Activity:
Set down all of the data exactly as it appears.

Data records:
(* Let $C_S(2):=8\sqrt{2\pi(e+256)}$ and $A(t)=e^{t^2}-1$. For every mesh size vector $h=(h_1,h_2)$, $$\|u\|_A\le C_S(2)\|u\|_{W^{1,2}}\quad\text{for all }u\in W^{1,2}(\mathbb{R}^2_h),$$ which is equivalent to $\sum_{x\in\mathbb{R}^2_h}A\big(\frac{|u(x)|}{C_S(2)\|u\|_{W^{1,2}}}\big)\mathbf{h}\le1$ for all $u\in W^{1,2}(\mathbb{R}^2_h)\setminus\{0\}$. In particular, $\|u\|_{L^p}\le 2C_S(2)\,p\,\|u\|_{W^{1,2}}$ for all $u\in W^{1,2}(\mathbb{R}^2_h)$ and all $p\ge2$.
   Context: $h_1,h_2>0$, $\mathbb{R}^2_h=\{(h_1z_1,h_2z_2):z_i\in\mathbb{Z}\}$, $\mathbf{h}=h_1h_2$, $D_i^+u(x)=(u(x+h_ie_i)-u(x))/h_i$. $\|u\|_{L^p}=(\sum_{x\in\mathbb{R}^2_h}|u(x)|^p\mathbf{h})^{1/p}$, $\|u\|_{W^{1,2}}^2=\sum_{x}|u(x)|^2\mathbf{h}+\sum_{i=1}^2\sum_x|D_i^+u(x)|^2\mathbf{h}$ (sums over $\mathbb{R}^2_h$), $W^{1,2}(\mathbb{R}^2_h)=\{u:\|u\|_{W^{1,2}}<\infty\}$. The Orlicz norm is $\|u\|_A=\inf\{k>0:\sum_{x\in\mathbb{R}^2_h}A(|u(x)|/k)\mathbf{h}\le1\}$. *)

theory Defs
  imports "HOL-Analysis.Analysis"
begin

text \<open>A grid function u on the lattice R^2_h = {(h1 z1, h2 z2)} is represented by its
values at the integer indices: u (z1, z2) is the value at (h1 z1, h2 z2).\<close>

type_synonym gridfun = "int \<times> int \<Rightarrow> real"

definition D1p :: "real \<Rightarrow> gridfun \<Rightarrow> gridfun" where
  "D1p h1 u z = (u (fst z + 1, snd z) - u z) / h1"

definition D2p :: "real \<Rightarrow> gridfun \<Rightarrow> gridfun" where
  "D2p h2 u z = (u (fst z, snd z + 1) - u z) / h2"

definition in_W12 :: "real \<Rightarrow> real \<Rightarrow> gridfun \<Rightarrow> bool" where
  "in_W12 h1 h2 u \<longleftrightarrow>
     (\<lambda>z. (u z)\<^sup>2 * (h1 * h2)) summable_on UNIV \<and>
     (\<lambda>z. (D1p h1 u z)\<^sup>2 * (h1 * h2)) summable_on UNIV \<and>
     (\<lambda>z. (D2p h2 u z)\<^sup>2 * (h1 * h2)) summable_on UNIV"

definition W12_norm :: "real \<Rightarrow> real \<Rightarrow> gridfun \<Rightarrow> real" where
  "W12_norm h1 h2 u = sqrt ((\<Sum>\<^sub>\<infinity>z. (u z)\<^sup>2 * (h1 * h2))
      + (\<Sum>\<^sub>\<infinity>z. (D1p h1 u z)\<^sup>2 * (h1 * h2))
      + (\<Sum>\<^sub>\<infinity>z. (D2p h2 u z)\<^sup>2 * (h1 * h2)))"

definition Lp_norm :: "real \<Rightarrow> real \<Rightarrow> real \<Rightarrow> gridfun \<Rightarrow> real" where
  "Lp_norm p h1 h2 u = (\<Sum>\<^sub>\<infinity>z. \<bar>u z\<bar> powr p * (h1 * h2)) powr (1 / p)"

text \<open>Orlicz (Luxemburg) norm; the sum must converge for the condition to be meaningful.\<close>
definition orlicz_norm :: "(real \<Rightarrow> real) \<Rightarrow> real \<Rightarrow> real \<Rightarrow> gridfun \<Rightarrow> real" where
  "orlicz_norm A h1 h2 u = Inf {k. k > 0 \<and>
      (\<lambda>z. A (\<bar>u z\<bar> / k) * (h1 * h2)) summable_on UNIV \<and>
      (\<Sum>\<^sub>\<infinity>z. A (\<bar>u z\<bar> / k) * (h1 * h2)) \<le> 1}"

Solution for this exercise:
(* Let $C_S(2):=8\sqrt{2\pi(e+256)}$ and $A(t)=e^{t^2}-1$. For every mesh size vector $h=(h_1,h_2)$, $$\|u\|_A\le C_S(2)\|u\|_{W^{1,2}}\quad\text{for all }u\in W^{1,2}(\mathbb{R}^2_h),$$ which is equivalent to $\sum_{x\in\mathbb{R}^2_h}A\big(\frac{|u(x)|}{C_S(2)\|u\|_{W^{1,2}}}\big)\mathbf{h}\le1$ for all $u\in W^{1,2}(\mathbb{R}^2_h)\setminus\{0\}$. In particular, $\|u\|_{L^p}\le 2C_S(2)\,p\,\|u\|_{W^{1,2}}$ for all $u\in W^{1,2}(\mathbb{R}^2_h)$ and all $p\ge2$.
   Context: $h_1,h_2>0$, $\mathbb{R}^2_h=\{(h_1z_1,h_2z_2):z_i\in\mathbb{Z}\}$, $\mathbf{h}=h_1h_2$, $D_i^+u(x)=(u(x+h_ie_i)-u(x))/h_i$. $\|u\|_{L^p}=(\sum_{x\in\mathbb{R}^2_h}|u(x)|^p\mathbf{h})^{1/p}$, $\|u\|_{W^{1,2}}^2=\sum_{x}|u(x)|^2\mathbf{h}+\sum_{i=1}^2\sum_x|D_i^+u(x)|^2\mathbf{h}$ (sums over $\mathbb{R}^2_h$), $W^{1,2}(\mathbb{R}^2_h)=\{u:\|u\|_{W^{1,2}}<\infty\}$. The Orlicz norm is $\|u\|_A=\inf\{k>0:\sum_{x\in\mathbb{R}^2_h}A(|u(x)|/k)\mathbf{h}\le1\}$. *)

theory Defs
  imports "HOL-Analysis.Analysis"
begin

text \<open>A grid function u on the lattice R^2_h = {(h1 z1, h2 z2)} is represented by its
values at the integer indices: u (z1, z2) is the value at (h1 z1, h2 z2).\<close>

type_synonym gridfun = "int \<times> int \<Rightarrow> real"

definition D1p :: "real \<Rightarrow> gridfun \<Rightarrow> gridfun" where
  "D1p h1 u z = (u (fst z + 1, snd z) - u z) / h1"

definition D2p :: "real \<Rightarrow> gridfun \<Rightarrow> gridfun" where
  "D2p h2 u z = (u (fst z, snd z + 1) - u z) / h2"

definition in_W12 :: "real \<Rightarrow> real \<Rightarrow> gridfun \<Rightarrow> bool" where
  "in_W12 h1 h2 u \<longleftrightarrow>
     (\<lambda>z. (u z)\<^sup>2 * (h1 * h2)) summable_on UNIV \<and>
     (\<lambda>z. (D1p h1 u z)\<^sup>2 * (h1 * h2)) summable_on UNIV \<and>
     (\<lambda>z. (D2p h2 u z)\<^sup>2 * (h1 * h2)) summable_on UNIV"

definition W12_norm :: "real \<Rightarrow> real \<Rightarrow> gridfun \<Rightarrow> real" where
  "W12_norm h1 h2 u = sqrt ((\<Sum>\<^sub>\<infinity>z. (u z)\<^sup>2 * (h1 * h2))
      + (\<Sum>\<^sub>\<infinity>z. (D1p h1 u z)\<^sup>2 * (h1 * h2))
      + (\<Sum>\<^sub>\<infinity>z. (D2p h2 u z)\<^sup>2 * (h1 * h2)))"

definition Lp_norm :: "real \<Rightarrow> real \<Rightarrow> real \<Rightarrow> gridfun \<Rightarrow> real" where
  "Lp_norm p h1 h2 u = (\<Sum>\<^sub>\<infinity>z. \<bar>u z\<bar> powr p * (h1 * h2)) powr (1 / p)"

text \<open>Orlicz (Luxemburg) norm; the sum must converge for the condition to be meaningful.\<close>
definition orlicz_norm :: "(real \<Rightarrow> real) \<Rightarrow> real \<Rightarrow> real \<Rightarrow> gridfun \<Rightarrow> real" where
  "orlicz_norm A h1 h2 u = Inf {k. k > 0 \<and>
      (\<lambda>z. A (\<bar>u z\<bar> / k) * (h1 * h2)) summable_on UNIV \<and>
      (\<Sum>\<^sub>\<infinity>z. A (\<bar>u z\<bar> / k) * (h1 * h2)) \<le> 1}"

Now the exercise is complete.